But presently another sharp crack of a rifle rang out, a light flashed out upon the prairie, and momentarily a horseman was seen by its glare. Then a dozen voices cried out:

“Buffalo Bill!”

Beneath his aim another bandit had bitten the dust. In angry tones, the robber chief cried:

“Mount, and after him, men! A thousand dollars for his scalp!”
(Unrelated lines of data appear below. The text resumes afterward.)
lemma snd_ring_hom_amalgamation: "snd \<in> ring_hom AJ B"
  by (rule ring_hom_memI) (auto simp: amalgamation_simps elim: amalgamation_memE)

lemma diagonal_ring_hom_amalgamation: "(\<lambda>a. (a, f a)) \<in> ring_hom A AJ"
  using amalgamation_memI[OF _ J.zero_closed]
  by (intro ring_hom_memI) (simp_all add: amalgamation_simps)

lemma snd_image_amalgamation: "snd ` carrier AJ = carrier fAJ"
  by (force simp: amalgamation_simps img_plus_ideal_simps)

lemma ring_img_plus_ideal: "ring fAJ"
proof -
  interpret snd: ring_hom_ring AJ B snd
    using ring_hom_ringI2[OF ring_amalgamation B snd_ring_hom_amalgamation] .
  show ?thesis
    using B.subring_is_ring[OF snd.img_is_subring[OF ring.carrier_is_subring[OF ring_amalgamation]]]
    by (simp add: snd_image_amalgamation img_plus_ideal_def)
qed

lemma snd_ring_hom_img_plus_ideal: "snd \<in> ring_hom AJ fAJ"
  using snd_ring_hom_amalgamation unfolding ring_hom_def
  by (auto simp: img_plus_ideal_simps(2-5) simp flip: snd_image_amalgamation)

lemma img_plus_ideal_inclusion_ring_hom: "(\<lambda>x. x) \<in> ring_hom fAJ B"
  using snd_ring_hom_amalgamation unfolding ring_hom_def
  by (auto simp: img_plus_ideal_simps(2-5) simp flip: snd_image_amalgamation)

lemma weak_armendariz_base_if_amalgamation:
  "weak_armendariz AJ \<Longrightarrow> weak_armendariz A"
  by (rule weak_armendariz_inj_ring_hom[OF A ring_amalgamation diagonal_ring_hom_amalgamation])
    (auto simp: inj_on_def)

lemma weak_armendariz_amalgamationI:
  "weak_armendariz A \<Longrightarrow> weak_armendariz fAJ \<Longrightarrow> weak_armendariz AJ"
  by (rule weak_armendariz_subdirect[OF ring_amalgamation
        A fst_ring_hom_amalgamation _ ring_img_plus_ideal snd_ring_hom_img_plus_ideal])
    (auto simp: amalgamation_simps img_plus_ideal_simps)

lemma scaled_up_amalgamation:
  assumes "s \<in> J" "p \<in> up B"
  shows "(\<lambda>n. (\<zero>\<^bsub>A\<^esub>, s \<otimes>\<^bsub>B\<^esub> p n)) \<in> up AJ"
proof (rule mem_upI)
  fix n
  have "s \<otimes>\<^bsub>B\<^esub> p n \<in> J" using assms by (simp add: J.I_r_closed mem_upD)
  then show "(\<zero>\<^bsub>A\<^esub>, s \<otimes>\<^bsub>B\<^esub> p n) \<in> carrier AJ"
    using amalgamation_memI[OF A.zero_closed] J.a_subset by (metis B.l_zero f.hom_zero subsetD)
next
  from assms(2) obtain k where "bound \<zero>\<^bsub>B\<^esub> k p" by auto
  then have "bound \<zero>\<^bsub>AJ\<^esub> k (\<lambda>n. (\<zero>\<^bsub>A\<^esub>, s \<otimes>\<^bsub>B\<^esub> p n))"
    using assms(1) J.a_subset by (auto simp: bound_def amalgamation_simps)
  then show "\<exists>k. bound \<zero>\<^bsub>AJ\<^esub> k (\<lambda>n. (\<zero>\<^bsub>A\<^esub>, s \<otimes>\<^bsub>B\<^esub> p n))" by blast
qed
(* Let $G$ be a graph and $W$ a walk of $G$. Let $E_o$ be the set of edges traversed by $W$ an odd number of times and $E_e$ the set of edges traversed by $W$ a non-zero even number of times. Then $W$ is equivalent to a walk $W_S$ that follows a walk $S$ of $G$ in which each edge of $E_o$ appears exactly once and each edge of $E_e$ appears at most twice.
   Context: A walk of a graph $G$ is a sequence of vertices $u_0u_1\dots u_l$ with $u_tu_{t+1}\in E(G)$ for all $t$ (vertices and edges may repeat). A walk $W'$ follows the walk $W=u_0\dots u_l$ if there are non-negative integers $i_0,\dots,i_{l-1}$ such that $W'=u_0(u_1u_0)^{i_0}u_1(u_2u_1)^{i_1}\dots u_{l-1}(u_lu_{l-1})^{i_{l-1}}u_l$, where $(u_{t+1}u_t)^{i}$ denotes $i$ successive half-turns (going from $u_t$ to $u_{t+1}$ and back) inserted after $u_t$; i.e., $W'$ is obtained by traversing $W$ from start to end and inserting half-turns $u_{t+1}u_tu_{t+1}$ along the edges. Two walks are equivalent if their multisets of traversed edges are equal. *)

theory Defs
  imports Main "HOL-Library.Multiset"
begin

definition graph :: "'a set \<Rightarrow> 'a set set \<Rightarrow> bool" where
  "graph V E \<longleftrightarrow> (\<forall>e\<in>E. e \<subseteq> V \<and> card e = 2)"

definition walk :: "'a set \<Rightarrow> 'a set set \<Rightarrow> 'a list \<Rightarrow> bool" where
  "walk V E W \<longleftrightarrow> W \<noteq> [] \<and> set W \<subseteq> V \<and>
     (\<forall>i. Suc i < length W \<longrightarrow> {W ! i, W ! Suc i} \<in> E)"

definition walk_edges :: "'a list \<Rightarrow> 'a set multiset" where
  "walk_edges W = mset (map (\<lambda>(u, v). {u, v}) (zip W (tl W)))"

text \<open>expand W is: u_0 (u_1 u_0)^{i_0} u_1 (u_2 u_1)^{i_1} ... u_l\<close>
fun expand :: "'a list \<Rightarrow> nat list \<Rightarrow> 'a list" where
  "expand (u # v # rest) (i # is) = u # concat (replicate i [v, u]) @ expand (v # rest) is"
| "expand W is = W"

definition follows :: "'a list \<Rightarrow> 'a list \<Rightarrow> bool" where
  "follows W' W \<longleftrightarrow> (\<exists>is. length is = length W - 1 \<and> W' = expand W is)"

definition equivalent :: "'a list \<Rightarrow> 'a list \<Rightarrow> bool" where
  "equivalent W1 W2 \<longleftrightarrow> walk_edges W1 = walk_edges W2"

end

theory Submission
  imports Defs
begin

text \<open>If an edge \<open>{x, y}\<close> is traversed at least three times, one of its two directions,
  say from \<open>x\<close> to \<open>y\<close>, is traversed twice, so the walk reads \<open>P x y Q x y R\<close>. Then
  \<open>P x (rev Q) y R\<close> is again a walk on the same vertices and edges, traversing \<open>{x, y}\<close> twice
  less and every other edge equally often. Iterating gives a walk \<open>S\<close> using every edge at most
  twice, whose edge multiset differs from that of \<open>W\<close> by \<open>2M\<close> with \<open>M\<close> supported on the edges
  of \<open>S\<close>. Parities are unchanged, so an edge traversed an odd number of times by \<open>W\<close> appears
  exactly once in \<open>S\<close>. Finally the removed pairs come back as half-turns: inserting
  \<open>count M e\<close> half-turns at the first traversal of each edge \<open>e\<close> of \<open>S\<close> yields a walk that
  follows \<open>S\<close> and is equivalent to \<open>W\<close>.\<close>

fun arcs :: "'a list \<Rightarrow> ('a \<times> 'a) list" where
  "arcs (u # v # T) = (u, v) # arcs (v # T)"
| "arcs _ = []"

lemma walk_edges_Nil [simp]: "walk_edges [] = {#}"
  and walk_edges_single [simp]: "walk_edges [u] = {#}"
  and walk_edges_Cons_Cons [simp]: "walk_edges (u # v # T) = add_mset {u, v} (walk_edges (v # T))"
  by (simp_all add: walk_edges_def)

lemma walk_edges_append_Cons:
  "walk_edges (A @ x # B) = walk_edges (A @ [x]) + walk_edges (x # B)"
  by (induction A rule: arcs.induct) auto

lemma walk_edges_rev: "walk_edges (rev S) = walk_edges S"
proof (induction S rule: arcs.induct)
  case (1 u v T)
  have "walk_edges (rev (u # v # T)) = walk_edges (rev T @ [v]) + walk_edges [v, u]"
    using walk_edges_append_Cons[of "rev T" v "[u]"] by simp
  then show ?case
    using 1 by (simp add: insert_commute)
qed auto

lemma set_zip_tl: "set (zip S (tl S)) = {(S ! i, S ! Suc i) | i. Suc i < length S}"
  by (force simp: set_zip nth_tl)

lemma set_walk_edges: "set_mset (walk_edges S) = {{S ! i, S ! Suc i} | i. Suc i < length S}"
  unfolding walk_edges_def set_mset_mset set_map set_zip_tl by auto

lemma walk_iff_walk_edges:
  "walk V E S \<longleftrightarrow> S \<noteq> [] \<and> set S \<subseteq> V \<and> set_mset (walk_edges S) \<subseteq> E"
  unfolding walk_def set_walk_edges by blast

lemma count_walk_edges_arcs:
  assumes "a \<noteq> b"
  shows "count (walk_edges S) {a, b} = count (mset (arcs S)) (a, b) + count (mset (arcs S)) (b, a)"
  using assms by (induction S rule: arcs.induct) (auto simp: doubleton_eq_iff)

lemma arcs_decomp:
  assumes "(x, y) \<in> set (arcs S)"
  shows "\<exists>P R. S = P @ x # y # R"
  using assms
proof (induction S rule: arcs.induct)
  case (1 u v T)
  show ?case
  proof (cases "(u, v) = (x, y)")
    case True
    then show ?thesis by auto
  next
    case False
    then obtain P R where "v # T = P @ x # y # R"
      using 1 by auto
    then have "u # v # T = (u # P) @ x # y # R" by simp
    then show ?thesis by blast
  qed
qed auto

lemma arcs_decomp_twice:
  assumes "count (mset (arcs S)) (x, y) \<ge> 2" and "x \<noteq> y"
  shows "\<exists>P Q R. S = P @ x # y # Q @ x # y # R"
  using assms
proof (induction S rule: arcs.induct)
  case (1 u v T)
  show ?case
  proof (cases "(u, v) = (x, y)")
    case True
    then have "(x, y) \<in> set (arcs (v # T))"
      using 1(2) by (auto simp flip: set_mset_mset)
    then obtain P R where PR: "v # T = P @ x # y # R"
      using arcs_decomp by metis
    with True \<open>x \<noteq> y\<close> obtain Q where "P = y # Q"
      by (cases P) auto
    with PR True have "u # v # T = [] @ x # y # Q @ x # y # R" by simp
    then show ?thesis by blast
  next
    case False
    then obtain P Q R where "v # T = P @ x # y # Q @ x # y # R"
      using 1 by auto
    then have "u # v # T = (u # P) @ x # y # Q @ x # y # R" by simp
    then show ?thesis by blast
  qed
qed auto

lemma walk_edges_shortcut:
  "walk_edges (P @ x # y # Q @ x # y # R)
    = walk_edges (P @ x # rev Q @ y # R) + {#{x, y}, {x, y}#}"
proof -
  have "walk_edges (x # y # Q @ x # y # R)
      = add_mset {x, y} (walk_edges (y # Q @ [x]) + walk_edges (x # y # R))"
    using walk_edges_append_Cons[of "y # Q" x "y # R"] by simp
  moreover have "walk_edges (x # rev Q @ y # R) = walk_edges (y # Q @ [x]) + walk_edges (y # R)"
    using walk_edges_append_Cons[of "x # rev Q" y R] walk_edges_rev[of "y # Q @ [x]"] by simp
  ultimately show ?thesis
    using walk_edges_append_Cons[of P x "y # Q @ x # y # R"]
      walk_edges_append_Cons[of P x "rev Q @ y # R"] by simp
qed

lemma walk_shortcut:
  assumes "graph V E" and "walk V E S" and "count (walk_edges S) e \<ge> 3"
  obtains S' where "walk V E S'" and "walk_edges S = walk_edges S' + {#e, e#}"
proof -
  have "e \<in># walk_edges S"
    using assms(3) by (simp add: Suc_le_lessD flip: count_greater_zero_iff)
  then have "e \<in> E"
    using assms(2) by (auto simp: walk_iff_walk_edges)
  then obtain a b where e: "e = {a, b}" and "a \<noteq> b"
    using assms(1) by (auto simp: graph_def card_2_iff)
  have "count (mset (arcs S)) (a, b) \<ge> 2 \<or> count (mset (arcs S)) (b, a) \<ge> 2"
    using count_walk_edges_arcs[OF \<open>a \<noteq> b\<close>, of S] assms(3) unfolding e by linarith
  then obtain x y where xy: "e = {x, y}" and "x \<noteq> y" and "count (mset (arcs S)) (x, y) \<ge> 2"
  proof
    show "count (mset (arcs S)) (a, b) \<ge> 2 \<Longrightarrow> thesis"
      using that e \<open>a \<noteq> b\<close> by blast
    show "count (mset (arcs S)) (b, a) \<ge> 2 \<Longrightarrow> thesis"
      using that[of b a] e \<open>a \<noteq> b\<close> by (simp add: insert_commute)
  qed
  from arcs_decomp_twice[OF this(3,2)] obtain P Q R where S: "S = P @ x # y # Q @ x # y # R"
    by blast
  define S' where "S' = P @ x # rev Q @ y # R"
  have edges: "walk_edges S = walk_edges S' + {#e, e#}"
    unfolding S S'_def xy by (rule walk_edges_shortcut)
  have "set S' \<subseteq> set S" and "S' \<noteq> []"
    by (auto simp: S S'_def)
  moreover have "set_mset (walk_edges S') \<subseteq> set_mset (walk_edges S)"
    using edges by auto
  ultimately have "walk V E S'"
    using assms(2) unfolding walk_iff_walk_edges by blast
  with edges show thesis
    using that by blast
qed

lemma walk_reduce_multiplicities:
  assumes "graph V E" and "walk V E W"
  obtains S M where "walk V E S" and "walk_edges W = walk_edges S + M + M"
    and "set_mset (walk_edges S) = set_mset (walk_edges W)"
    and "\<And>e. count (walk_edges S) e \<le> 2"
proof -
  have "\<exists>S M. walk V E S \<and> walk_edges W = walk_edges S + M + M
      \<and> set_mset (walk_edges S) = set_mset (walk_edges W) \<and> (\<forall>e. count (walk_edges S) e \<le> 2)"
    using assms(2)
  proof (induction "size (walk_edges W)" arbitrary: W rule: less_induct)
    case less
    show ?case
    proof (cases "\<forall>e. count (walk_edges W) e \<le> 2")
      case True
      then show ?thesis
        using less.prems by (intro exI[of _ W] exI[of _ "{#}"]) simp
    next
      case False
      then obtain e where "\<not> count (walk_edges W) e \<le> 2"
        by blast
      then have "count (walk_edges W) e \<ge> 3"
        by linarith
      then obtain W' where "walk V E W'" and W': "walk_edges W = walk_edges W' + {#e, e#}"
        using walk_shortcut[OF assms(1) less.prems] by blast
      then obtain S M where S: "walk V E S" "walk_edges W' = walk_edges S + M + M"
        "set_mset (walk_edges S) = set_mset (walk_edges W')" "\<forall>e. count (walk_edges S) e \<le> 2"
        using less.hyps[of W'] by (auto simp: W')
      have "e \<in># walk_edges W'"
        using W' \<open>count (walk_edges W) e \<ge> 3\<close> by (simp flip: count_greater_zero_iff)
      then have "set_mset (walk_edges S) = set_mset (walk_edges W)"
        using S(3) W' by (simp add: insert_absorb)
      moreover have "walk_edges W = walk_edges S + add_mset e M + add_mset e M"
        using S(2) W' by simp
      ultimately show ?thesis
        using S(1,4) by blast
    qed
  qed
  then show thesis
    using that by blast
qed

lemma walk_edges_half_turns:
  "walk_edges (u # concat (replicate i [v, u]) @ v # X)
    = replicate_mset (2 * i) {u, v} + walk_edges (u # v # X)"
  by (induction i) (simp_all add: insert_commute)

lemma expand_ConsE:
  obtains X where "expand (v # T) is = v # X"
  by (cases "(v # T, is)" rule: expand.cases) auto

lemma expand_adds_half_turns:
  assumes "set_mset M \<subseteq> set_mset (walk_edges S)"
  shows "\<exists>is. length is = length S - 1 \<and> walk_edges (expand S is) = walk_edges S + M + M"
  using assms
proof (induction S arbitrary: M rule: arcs.induct)
  case (1 u v T)
  define M' where "M' = filter_mset (\<lambda>e. e \<noteq> {u, v}) M"
  have "set_mset M' \<subseteq> set_mset (walk_edges (v # T))"
    using "1.prems" by (auto simp: M'_def)
  then obtain "is" where "length is = length T"
    and IH: "walk_edges (expand (v # T) is) = walk_edges (v # T) + M' + M'"
    using "1.IH" by auto
  obtain X where X: "expand (v # T) is = v # X"
    by (rule expand_ConsE)
  have "walk_edges (expand (u # v # T) (count M {u, v} # is))
      = replicate_mset (2 * count M {u, v}) {u, v} + add_mset {u, v} (walk_edges (v # T) + M' + M')"
    using IH X by (simp add: walk_edges_half_turns)
  also have "\<dots> = walk_edges (u # v # T) + M + M"
    by (simp add: M'_def multiset_eq_iff)
  finally show ?case
    using \<open>length is = length T\<close> by (intro exI[of _ "count M {u, v} # is"]) simp
qed auto

theorem proposition4p4:
  fixes V :: "'a set" and E :: "'a set set" and W :: "'a list"
  assumes "graph V E" and "walk V E W"
  shows "\<exists>S WS. walk V E S \<and> follows WS S \<and> equivalent W WS \<and>
     (\<forall>e. odd (count (walk_edges W) e) \<longrightarrow> count (walk_edges S) e = 1) \<and>
     (\<forall>e. count (walk_edges W) e \<noteq> 0 \<and> even (count (walk_edges W) e)
            \<longrightarrow> count (walk_edges S) e \<le> 2)"
proof -
  obtain S M where "walk V E S" and W: "walk_edges W = walk_edges S + M + M"
    and edges: "set_mset (walk_edges S) = set_mset (walk_edges W)"
    and le2: "\<And>e. count (walk_edges S) e \<le> 2"
    using walk_reduce_multiplicities[OF assms] by blast
  have "set_mset M \<subseteq> set_mset (walk_edges S)"
    using W edges by auto
  from expand_adds_half_turns[OF this] obtain "is"
    where "length is = length S - 1" and "walk_edges (expand S is) = walk_edges W"
    unfolding W by blast
  then have "follows (expand S is) S" and "equivalent W (expand S is)"
    by (auto simp: follows_def equivalent_def)
  moreover have "count (walk_edges S) e = 1" if "odd (count (walk_edges W) e)" for e
  proof -
    have "count (walk_edges W) e = count (walk_edges S) e + 2 * count M e"
      using W by simp
    then show ?thesis
      using that le2[of e] by presburger
  qed
  ultimately show ?thesis
    using \<open>walk V E S\<close> le2 by blast
qed

end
There was mounting in hot haste, and half a hundred horsemen swept out from the dark covert of a timber and spread over the starlit prairie in pursuit of a dark object, dimly visible, flying swiftly from the human bloodhounds upon his track, but so rapidly distancing them by the remarkable speed of his horse that, before long, in despair of ever capturing the daring foe, one by one the bandits returned to camp to talk over, around the replenished camp fires, the daring of the famous scout, and wonder at his marvelous escapes from death.


CHAPTER XLII.
THE RESCUE.

When the horseman who had so boldly approached the bandits’ bivouac, and laid two of their number dead beneath his aim, sped across the prairie with a score of horsemen at his heels, he had urged his horse to a speed which caused him to soon draw out of range of their rifles, for he was mounted upon his famous horse Midnight, a steed that had never found an equal on the plains.

Having kept up his swift flight for a few miles, and observing that his pursuers had given up the chase, Buffalo Bill halted and dismounted to give his horse a short rest. His eye now caught a rosy light upon the eastern horizon, and then, as though rising from the ocean, the moon sailed upward.